Do Canadians deserve to know the details of the largest single spending program in the history of this country?
The answer is a resounding no from the federal government, illustrating the yawning gulf between the idea of public information (what data on the Canada Emergency Wage Subsidy should be) and government information (what Ottawa has ensured CEWS data will remain).
The difference between the two is clearly sketched out in a Canada Revenue Agency memo that my colleague, Globe investigative reporter Tom Cardoso, obtained as part of an access to information request, and detailed in a Twitter thread.
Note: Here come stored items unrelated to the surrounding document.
(* Let $s,z\in\mathbb{N}$ with $\mu:=s+z\ge1$, let $\omega_1,\dots,\omega_s>0$, and let $p\in\mathbb{N}$. Then there exist a constant $c_\mu>0$ and continuous functions $c_i:\mathbb{R}_{>0}^{\mu-i}\to\mathbb{R}_{>0}$, $i\in\{1,\dots,\mu-1\}$, such that for all constants $a_1,\dots,a_\mu\in(0,1]$ and every trajectory $y(\cdot)$ of the closed-loop system $(\Sigma)$ with $u=\kappa(y)$ (both defined in the context, with these $a_i$), the control signal $U(t):=\kappa(y(t))$ satisfies, for all $k\in\{0,\dots,p\}$ and all $t\ge0$, $$|U^{(k)}(t)|\le a_\mu c_\mu+\sum_{i=1}^{\mu-1}a_i\,c_i(a_\mu,\dots,a_{i+1}).$$
   Context: Notation: $A_0=\begin{pmatrix}0&1\\-1&0\end{pmatrix}$, $b_0=\begin{pmatrix}0\\1\end{pmatrix}$; $\|\cdot\|$ is the Euclidean norm. Given $s,z\in\mathbb{N}$, $\mu=s+z\ge1$, $\omega_1,\dots,\omega_s>0$ and positive constants $a_1,\dots,a_\mu$, define for $1\le i\le\mu$: $\theta_{i,i+1}:=1$ and, for $i+2\le k\le\mu+1$, $\theta_{i,k}:=\prod_{h=i}^{k-2}\frac{1}{a_{h+1}}$; define $Q_{i,\mu}:=\prod_{l=i}^{\mu}a_l$. The system $(\Sigma)$ has state $y=(y_1,\dots,y_\mu)$ with $y_i\in\mathbb{R}^2$ for $i\le s$ and $y_i\in\mathbb{R}$ for $i>s$, input $u\in\mathbb{R}$, and reads $$\dot y_i=\omega_iA_0y_i+b_0\sum_{k=i+1}^{s}\theta_{i,k}b_0^Ty_k+b_0\sum_{k=s+1}^{\mu}\theta_{i,k}y_k+\theta_{i,\mu+1}b_0u,\quad i=1,\dots,s,$$ $$\dot y_i=\sum_{k=i+1}^{\mu}\theta_{i,k}y_k+\theta_{i,\mu+1}u,\quad i=s+1,\dots,\mu$$ (empty sums are zero). The feedback $\kappa$ is $$\kappa(y)=-\sum_{i=1}^{s}\frac{Q_{i,\mu}\,b_0^Ty_i}{\big(1+\sum_{m=i}^{\mu}\|y_m\|^2\big)^{1/2}}-\sum_{i=s+1}^{\mu}\frac{Q_{i,\mu}\,y_i}{\big(1+\sum_{m=i}^{\mu}\|y_m\|^2\big)^{1/2}}.$$ *)

theory Defs
  imports "HOL-Analysis.Analysis"
begin

text \<open>Components y_i for i = 1..s live in R^2, rendered as real \<times> real;
  components y_i for i = s+1..mu are real. A state is a pair (x, w) with
  x :: nat \<Rightarrow> real \<times> real (used at indices 1..s) and
  w :: nat \<Rightarrow> real (used at indices s+1..mu).\<close>

definition A0 :: "real \<times> real \<Rightarrow> real \<times> real" where
  "A0 v = (snd v, - fst v)"

definition b0 :: "real \<times> real" where
  "b0 = (0, 1)"

definition b0T :: "real \<times> real \<Rightarrow> real" where
  "b0T v = b0 \<bullet> v"

definition theta :: "(nat \<Rightarrow> real) \<Rightarrow> nat \<Rightarrow> nat \<Rightarrow> real" where
  "theta a i k = (if k = i + 1 then 1 else (\<Prod>h\<in>{i..k-2}. 1 / a (h + 1)))"

definition Qc :: "(nat \<Rightarrow> real) \<Rightarrow> nat \<Rightarrow> nat \<Rightarrow> real" where
  "Qc a i mu = (\<Prod>l\<in>{i..mu}. a l)"

definition ynormsq :: "nat \<Rightarrow> (nat \<Rightarrow> real \<times> real) \<Rightarrow> (nat \<Rightarrow> real) \<Rightarrow> nat \<Rightarrow> real" where
  "ynormsq s x w m = (if m \<le> s then (norm (x m))\<^sup>2 else (w m)\<^sup>2)"

definition kappa :: "nat \<Rightarrow> nat \<Rightarrow> (nat \<Rightarrow> real) \<Rightarrow> (nat \<Rightarrow> real \<times> real) \<Rightarrow> (nat \<Rightarrow> real) \<Rightarrow> real" where
  "kappa s z a x w =
     - (\<Sum>i=1..s. Qc a i (s+z) * b0T (x i) / sqrt (1 + (\<Sum>m=i..s+z. ynormsq s x w m)))
     - (\<Sum>i=s+1..s+z. Qc a i (s+z) * w i / sqrt (1 + (\<Sum>m=i..s+z. ynormsq s x w m)))"

definition rhs2 :: "nat \<Rightarrow> nat \<Rightarrow> (nat \<Rightarrow> real) \<Rightarrow> (nat \<Rightarrow> real) \<Rightarrow> (nat \<Rightarrow> real \<times> real) \<Rightarrow> (nat \<Rightarrow> real) \<Rightarrow> real \<Rightarrow> nat \<Rightarrow> real \<times> real" where
  "rhs2 s z \<omega> a x w u i =
     \<omega> i *\<^sub>R A0 (x i)
     + (\<Sum>k=i+1..s. theta a i k * b0T (x k)) *\<^sub>R b0
     + (\<Sum>k=s+1..s+z. theta a i k * w k) *\<^sub>R b0
     + (theta a i (s+z+1) * u) *\<^sub>R b0"

definition rhs1 :: "nat \<Rightarrow> nat \<Rightarrow> (nat \<Rightarrow> real) \<Rightarrow> (nat \<Rightarrow> real) \<Rightarrow> real \<Rightarrow> nat \<Rightarrow> real" where
  "rhs1 s z a w u i =
     (\<Sum>k=i+1..s+z. theta a i k * w k) + theta a i (s+z+1) * u"

definition closed_loop_traj ::
  "nat \<Rightarrow> nat \<Rightarrow> (nat \<Rightarrow> real) \<Rightarrow> (nat \<Rightarrow> real) \<Rightarrow> (real \<Rightarrow> nat \<Rightarrow> real \<times> real) \<Rightarrow> (real \<Rightarrow> nat \<Rightarrow> real) \<Rightarrow> bool" where
  "closed_loop_traj s z \<omega> a x w \<longleftrightarrow>
     (\<forall>t\<ge>0.
        (\<forall>i\<in>{1..s}. ((\<lambda>\<tau>. x \<tau> i) has_vector_derivative
            rhs2 s z \<omega> a (x t) (w t) (kappa s z a (x t) (w t)) i) (at t within {0..})) \<and>
        (\<forall>i\<in>{s+1..s+z}. ((\<lambda>\<tau>. w \<tau> i) has_real_derivative
            rhs1 s z a (w t) (kappa s z a (x t) (w t)) i) (at t within {0..})))"

text \<open>The domain (R_{>0})^{mu-i} of c_i, realised on the coordinates i+1..mu of a
  sequence (all other coordinates are 0), with the product topology.\<close>

definition posbox :: "nat \<Rightarrow> nat \<Rightarrow> (nat \<Rightarrow> real) set" where
  "posbox i mu = {v. (\<forall>j. i < j \<and> j \<le> mu \<longrightarrow> 0 < v j) \<and> (\<forall>j. \<not> (i < j \<and> j \<le> mu) \<longrightarrow> v j = 0)}"

definition restr :: "nat \<Rightarrow> nat \<Rightarrow> (nat \<Rightarrow> real) \<Rightarrow> (nat \<Rightarrow> real)" where
  "restr i mu a = (\<lambda>j. if i < j \<and> j \<le> mu then a j else 0)"

end

theory Submission
  imports Defs
begin

text \<open>Along a closed-loop trajectory every derivative \<open>U\<^sup>(\<^sup>k\<^sup>)\<close> of \<open>U = \<kappa>(y)\<close> is a finite sum of
  summands \<open>c a\<^sup>e B\<^sub>1 \<cdots> B\<^sub>r\<close>, where \<open>a\<^sup>e\<close> is a Laurent monomial in \<open>a\<^sub>1, \<dots>, a\<^sub>\<mu>\<close> and each
  block \<open>B = R\<^sub>i\<^sup>n y\<^sub>m\<^sub>1 \<cdots> y\<^sub>m\<^sub>q\<close> with \<open>q \<le> n\<close>, \<open>m\<^sub>1, \<dots>, m\<^sub>q \<ge> i\<close> and
  \<open>R\<^sub>i = (1 + \<Sum>\<^sub>m\<^sub>\<ge>\<^sub>i |y\<^sub>m|\<^sup>2)\<^sup>-\<^sup>1\<^sup>/\<^sup>2\<close> satisfies \<open>|B| \<le> 1\<close>. This class is closed under
  differentiation along \<open>(\<Sigma>)\<close> by the product rule, since \<open>y\<^sub>m'\<close> is linear in the \<open>y\<^sub>k\<close>, \<open>k \<ge> m\<close>,
  and in \<open>\<kappa>\<close>, and \<open>R\<^sub>i' = -R\<^sub>i\<^sup>3 \<Sum>\<^sub>m\<^sub>\<ge>\<^sub>i y\<^sub>m \<bullet> y\<^sub>m'\<close>.

  The key invariant: every exponent \<open>e\<close> has a leading index \<open>j\<close>, not larger than any block index,
  with \<open>e\<^sub>j \<ge> 1\<close> and \<open>e\<^sub>l \<ge> 0\<close> for \<open>l < j\<close>. Since \<open>a\<^sub>l \<le> 1\<close>, such a summand is bounded by
  \<open>|c| a\<^sub>j \<Prod>\<^sub>l\<^sub>>\<^sub>j a\<^sub>l\<^sup>e\<^sup>\<^sub>l\<close>, and the last product is a continuous positive function of
  \<open>a\<^sub>j\<^sub>+\<^sub>1, \<dots>, a\<^sub>\<mu>\<close>. The invariant survives differentiation: the factors \<open>1/a\<^sub>l\<close> of
  \<open>\<theta>\<^sub>m\<^sub>,\<^sub>k\<close> only involve \<open>l > m\<close>, where \<open>m\<close> is at least the index of the differentiated block,
  while the feedback term contributes a new block of index \<open>j\<close> together with the factor
  \<open>a\<^sub>j \<cdots> a\<^sub>m\<close> when \<open>j \<le> m\<close>.\<close>

section \<open>Symbolic derivatives of the feedback\<close>

type_synonym expo = "nat \<Rightarrow> int"
type_synonym coord = "nat \<times> bool"
type_synonym block = "nat \<times> nat \<times> coord list"
type_synonym summand = "real \<times> expo \<times> block list"
type_synonym csummand = "real \<times> expo \<times> coord list \<times> block list"

text \<open>A coordinate \<open>(m, c)\<close> is the second (\<open>c\<close>) or first (\<open>\<not> c\<close>) component of \<open>y\<^sub>m\<close> if
  \<open>m \<le> s\<close>, and the scalar \<open>y\<^sub>m\<close> if \<open>m > s\<close> (then \<open>c\<close> is irrelevant). A block \<open>(i, n, ys)\<close>
  stands for \<open>R\<^sub>i\<^sup>n \<Prod> ys\<close>, a summand \<open>(c, e, bs)\<close> for \<open>c a\<^sup>e \<Prod> bs\<close>; a \<open>csummand\<close> carries an
  extra list of loose coordinates.\<close>

definition ivl_expo :: "nat \<Rightarrow> nat \<Rightarrow> expo" where
  "ivl_expo j k = (\<lambda>l. if j \<le> l \<and> l \<le> k then 1 else 0)"

definition apow :: "nat \<Rightarrow> (nat \<Rightarrow> real) \<Rightarrow> expo \<Rightarrow> real" where
  "apow mu a e = (\<Prod>l\<in>{1..mu}. a l powi e l)"

fun coord_val :: "nat \<Rightarrow> (nat \<Rightarrow> real \<times> real) \<Rightarrow> (nat \<Rightarrow> real) \<Rightarrow> coord \<Rightarrow> real" where
  "coord_val s x w (m, c) = (if m \<le> s then (if c then snd (x m) else fst (x m)) else w m)"

definition rnorm :: "nat \<Rightarrow> nat \<Rightarrow> (nat \<Rightarrow> real \<times> real) \<Rightarrow> (nat \<Rightarrow> real) \<Rightarrow> nat \<Rightarrow> real" where
  "rnorm s z x w i = 1 / sqrt (1 + (\<Sum>m=i..s+z. ynormsq s x w m))"

fun block_val :: "nat \<Rightarrow> nat \<Rightarrow> (nat \<Rightarrow> real \<times> real) \<Rightarrow> (nat \<Rightarrow> real) \<Rightarrow> block \<Rightarrow> real" where
  "block_val s z x w (i, n, ys) = rnorm s z x w i ^ n * prod_list (map (coord_val s x w) ys)"

fun summand_val ::
  "nat \<Rightarrow> nat \<Rightarrow> (nat \<Rightarrow> real) \<Rightarrow> (nat \<Rightarrow> real \<times> real) \<Rightarrow> (nat \<Rightarrow> real) \<Rightarrow> summand \<Rightarrow> real" where
  "summand_val s z a x w (c, e, bs) = c * apow (s+z) a e * prod_list (map (block_val s z x w) bs)"

definition poly_val ::
  "nat \<Rightarrow> nat \<Rightarrow> (nat \<Rightarrow> real) \<Rightarrow> (nat \<Rightarrow> real \<times> real) \<Rightarrow> (nat \<Rightarrow> real) \<Rightarrow> summand list \<Rightarrow> real" where
  "poly_val s z a x w P = sum_list (map (summand_val s z a x w) P)"

fun csummand_val ::
  "nat \<Rightarrow> nat \<Rightarrow> (nat \<Rightarrow> real) \<Rightarrow> (nat \<Rightarrow> real \<times> real) \<Rightarrow> (nat \<Rightarrow> real) \<Rightarrow> csummand \<Rightarrow> real" where
  "csummand_val s z a x w (c, e, ys, bs) =
     c * apow (s+z) a e * prod_list (map (coord_val s x w) ys) * prod_list (map (block_val s z x w) bs)"

definition cpoly_val ::
  "nat \<Rightarrow> nat \<Rightarrow> (nat \<Rightarrow> real) \<Rightarrow> (nat \<Rightarrow> real \<times> real) \<Rightarrow> (nat \<Rightarrow> real) \<Rightarrow> csummand list \<Rightarrow> real" where
  "cpoly_val s z a x w P = sum_list (map (csummand_val s z a x w) P)"

definition coord_comps :: "nat \<Rightarrow> nat \<Rightarrow> bool list" where
  "coord_comps s m = (if m \<le> s then [False, True] else [True])"

text \<open>The part \<open>\<Sum>\<^sub>k \<theta>\<^sub>m\<^sub>,\<^sub>k y\<^sub>k + \<theta>\<^sub>m\<^sub>,\<^sub>\<mu>\<^sub>+\<^sub>1 \<kappa>\<close> of \<open>y\<^sub>m'\<close>, using
  \<open>\<theta>\<^sub>m\<^sub>,\<^sub>k = (a\<^sub>m\<^sub>+\<^sub>1 \<cdots> a\<^sub>k\<^sub>-\<^sub>1)\<^sup>-\<^sup>1\<close> and \<open>\<theta>\<^sub>m\<^sub>,\<^sub>\<mu>\<^sub>+\<^sub>1 Q\<^sub>j\<^sub>,\<^sub>\<mu> = a\<^sup>e\<close> with
  \<open>e = ivl_expo j \<mu> - ivl_expo (m+1) \<mu>\<close>.\<close>

definition coupling_terms :: "nat \<Rightarrow> nat \<Rightarrow> nat \<Rightarrow> csummand list" where
  "coupling_terms s z m =
     map (\<lambda>k. (1, \<lambda>l. - ivl_expo (m+1) (k-1) l, [(k, True)], [])) [m+1..<s+z+1]
     @ map (\<lambda>j. (-1, \<lambda>l. ivl_expo j (s+z) l - ivl_expo (m+1) (s+z) l, [], [(j, 1, [(j, True)])]))
         [1..<s+z+1]"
In that memo, the CRA makes two things clear – first, that it understands the benefits of giving the public access to information about CEWS: “The Government of Canada has the opportunity to provide transparency to all Canadians on how their tax dollars are being spent, and [to] encourage responsible use of government funding,” agency staff wrote.
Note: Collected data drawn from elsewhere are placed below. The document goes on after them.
definition val_cauchy :: "('a::field \<Rightarrow> int) \<Rightarrow> (nat \<Rightarrow> 'a) \<Rightarrow> bool" where
  "val_cauchy val s \<longleftrightarrow> (\<forall>M. \<exists>N. \<forall>i\<ge>N. \<forall>j\<ge>N. s i - s j \<in> pideal val M)"

definition val_converges :: "('a::field \<Rightarrow> int) \<Rightarrow> (nat \<Rightarrow> 'a) \<Rightarrow> 'a \<Rightarrow> bool" where
  "val_converges val s L \<longleftrightarrow> (\<forall>M. \<exists>N. \<forall>i\<ge>N. s i - L \<in> pideal val M)"

definition nonarch_local_field :: "('a::field_char_0 \<Rightarrow> int) \<Rightarrow> bool" where
  "nonarch_local_field val \<longleftrightarrow>
     discrete_valuation val \<and>
     (\<forall>s. val_cauchy val s \<longrightarrow> (\<exists>L. val_converges val s L)) \<and>
     (\<exists>R. finite R \<and> R \<subseteq> ointegers val \<and>
          (\<forall>x\<in>ointegers val. \<exists>r\<in>R. x - r \<in> pideal val 1))"

datatype 'a m2 = M2 'a 'a 'a 'a


fun mm :: "'a::ring m2 \<Rightarrow> 'a m2 \<Rightarrow> 'a m2" (infixl "\<cdot>\<^sub>m" 70) where
  "mm (M2 a b c d) (M2 e f g h) = M2 (a*e + b*g) (a*f + b*h) (c*e + d*g) (c*f + d*h)"

fun mdet :: "'a::comm_ring m2 \<Rightarrow> 'a" where
  "mdet (M2 a b c d) = a*d - b*c"

definition GL2 :: "'a::field m2 set" where
  "GL2 = {g. mdet g \<noteq> 0}"

definition wmat :: "'a::comm_ring_1 m2" where
  "wmat = M2 0 1 (-1) 0"

definition amat :: "'a::comm_ring_1 \<Rightarrow> 'a m2" where
  "amat y = M2 y 0 0 1"

definition nmat :: "'a::comm_ring_1 \<Rightarrow> 'a m2" where
  "nmat x = M2 1 x 0 1"

definition zmat :: "'a::comm_ring_1 \<Rightarrow> 'a m2" where
  "zmat z = M2 z 0 0 z"

definition Kmax :: "('a::field \<Rightarrow> int) \<Rightarrow> 'a m2 set" where
  "Kmax val = {M2 a b c d | a b c d.
      a \<in> ointegers val \<and> b \<in> ointegers val \<and> c \<in> ointegers val \<and> d \<in> ointegers val \<and>
      a*d - b*c \<in> ounits val}"
(* Let $\mathcal H$ be a family of graphs. The following are equivalent: (i) there is a constant $c=c(\mathcal H)$ such that every connected $\mathcal H$-free graph $G$ has fewer than $c$ vertices $v$ with $\alpha(G[N(v)])\ge 2$; (ii) there is a positive integer $n$ such that $\mathcal H\le \{K_n^*,\ P_n,\ K_{1,n}^*,\ K_{2,n},\ E_2+K_n,\ K_1+nP_3,\ CK_n\}$.
   Context: All graphs are finite, simple, undirected. For graphs $H_1,H_2$, write $H_1\prec H_2$ if $H_2$ contains an induced subgraph isomorphic to $H_1$. A graph $G$ is $\mathcal H$-free if no $H\in\mathcal H$ satisfies $H\prec G$. For families $\mathcal H_1,\mathcal H_2$, write $\mathcal H_1\le\mathcal H_2$ if for every $H_2\in\mathcal H_2$ there is $H_1\in\mathcal H_1$ with $H_1\prec H_2$. $N(v)$ is the neighborhood of $v$, $G[S]$ the induced subgraph, $\alpha$ the independence number (the local independence number of $v$ is $\alpha(G[N(v)])$). $K_n$, $E_n$, $P_n$ are the complete graph, edgeless graph, and path on $n$ vertices; $K_{s,t}$ is the complete bipartite graph; $nG$ is the disjoint union of $n$ copies of $G$; $G_1+G_2$ is the join (disjoint union plus all edges between $V(G_1)$ and $V(G_2)$). $K_{1,n}^*$ is obtained from the star $K_{1,n}$ by attaching a new pendant vertex to each leaf; $K_n^*$ is obtained from $K_n$ by attaching a new pendant vertex to each vertex; $CK_n$ is obtained from two disjoint copies of $K_n$ by adding a perfect matching between them. *)

theory Defs
  imports Main
begin

text \<open>A graph with vertices of type 'a is a pair (V, E) of a vertex set and a set of
  ordered pairs (each undirected edge appears in both orientations).\<close>
type_synonym 'a graph = "'a set \<times> ('a \<times> 'a) set"

definition verts :: "'a graph \<Rightarrow> 'a set" where "verts G = fst G"
definition edges :: "'a graph \<Rightarrow> ('a \<times> 'a) set" where "edges G = snd G"

definition wf_graph :: "'a graph \<Rightarrow> bool" where
  "wf_graph G \<longleftrightarrow> finite (verts G) \<and> edges G \<subseteq> verts G \<times> verts G
     \<and> sym (edges G) \<and> irrefl (edges G)"

definition induced_sub :: "'a graph \<Rightarrow> 'b graph \<Rightarrow> bool" (infix "\<prec>" 50) where
  "H1 \<prec> H2 \<longleftrightarrow> (\<exists>f. inj_on f (verts H1) \<and> f ` verts H1 \<subseteq> verts H2 \<and>
     (\<forall>u\<in>verts H1. \<forall>v\<in>verts H1. (u, v) \<in> edges H1 \<longleftrightarrow> (f u, f v) \<in> edges H2))"

definition H_free :: "'a graph set \<Rightarrow> 'b graph \<Rightarrow> bool" where
  "H_free \<H> G \<longleftrightarrow> (\<forall>H\<in>\<H>. \<not> H \<prec> G)"

definition connected_graph :: "'a graph \<Rightarrow> bool" where
  "connected_graph G \<longleftrightarrow> verts G \<noteq> {} \<and>
     (\<forall>u\<in>verts G. \<forall>v\<in>verts G. (u, v) \<in> (edges G)\<^sup>*)"

definition nbhd :: "'a graph \<Rightarrow> 'a \<Rightarrow> 'a set" where
  "nbhd G v = {u. (v, u) \<in> edges G}"

definition induced :: "'a graph \<Rightarrow> 'a set \<Rightarrow> 'a graph" where
  "induced G S = (verts G \<inter> S, edges G \<inter> (S \<times> S))"

definition independent :: "'a graph \<Rightarrow> 'a set \<Rightarrow> bool" where
  "independent G S \<longleftrightarrow> S \<subseteq> verts G \<and> (\<forall>u\<in>S. \<forall>v\<in>S. (u, v) \<notin> edges G)"

definition alpha :: "'a graph \<Rightarrow> nat" where
  "alpha G = Max {card S | S. independent G S}"

definition complete :: "nat \<Rightarrow> nat graph" where
  "complete n = ({0..<n}, {(i, j). i < n \<and> j < n \<and> i \<noteq> j})"

definition edgeless :: "nat \<Rightarrow> nat graph" where
  "edgeless n = ({0..<n}, {})"

definition path :: "nat \<Rightarrow> nat graph" where
  "path n = ({0..<n}, {(i, j). i < n \<and> j < n \<and> (j = Suc i \<or> i = Suc j)})"

definition complete_bip :: "nat \<Rightarrow> nat \<Rightarrow> (nat + nat) graph" where
  "complete_bip s t = (Inl ` {0..<s} \<union> Inr ` {0..<t},
     {(Inl i, Inr j) | i j. i < s \<and> j < t} \<union> {(Inr j, Inl i) | i j. i < s \<and> j < t})"

definition join :: "'a graph \<Rightarrow> 'b graph \<Rightarrow> ('a + 'b) graph" where
  "join G1 G2 = (Inl ` verts G1 \<union> Inr ` verts G2,
     {(Inl u, Inl v) | u v. (u, v) \<in> edges G1} \<union> {(Inr u, Inr v) | u v. (u, v) \<in> edges G2}
     \<union> {(Inl u, Inr v) | u v. u \<in> verts G1 \<and> v \<in> verts G2}
     \<union> {(Inr v, Inl u) | u v. u \<in> verts G1 \<and> v \<in> verts G2})"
The second thing the CRA makes clear is that Ottawa will not make use of that opportunity. To date, the disclosure of CEWS information has swung between the trivial and the useless. Sure, it’s kind of interesting to know that 5,940 applications worth between $1-million and $5-million had been approved as of Oct. 31, according to the regular updates issued by the CRA. But what is one supposed to glean from that nugget and other factoids, such as the total cost to date hitting $96.42-billion?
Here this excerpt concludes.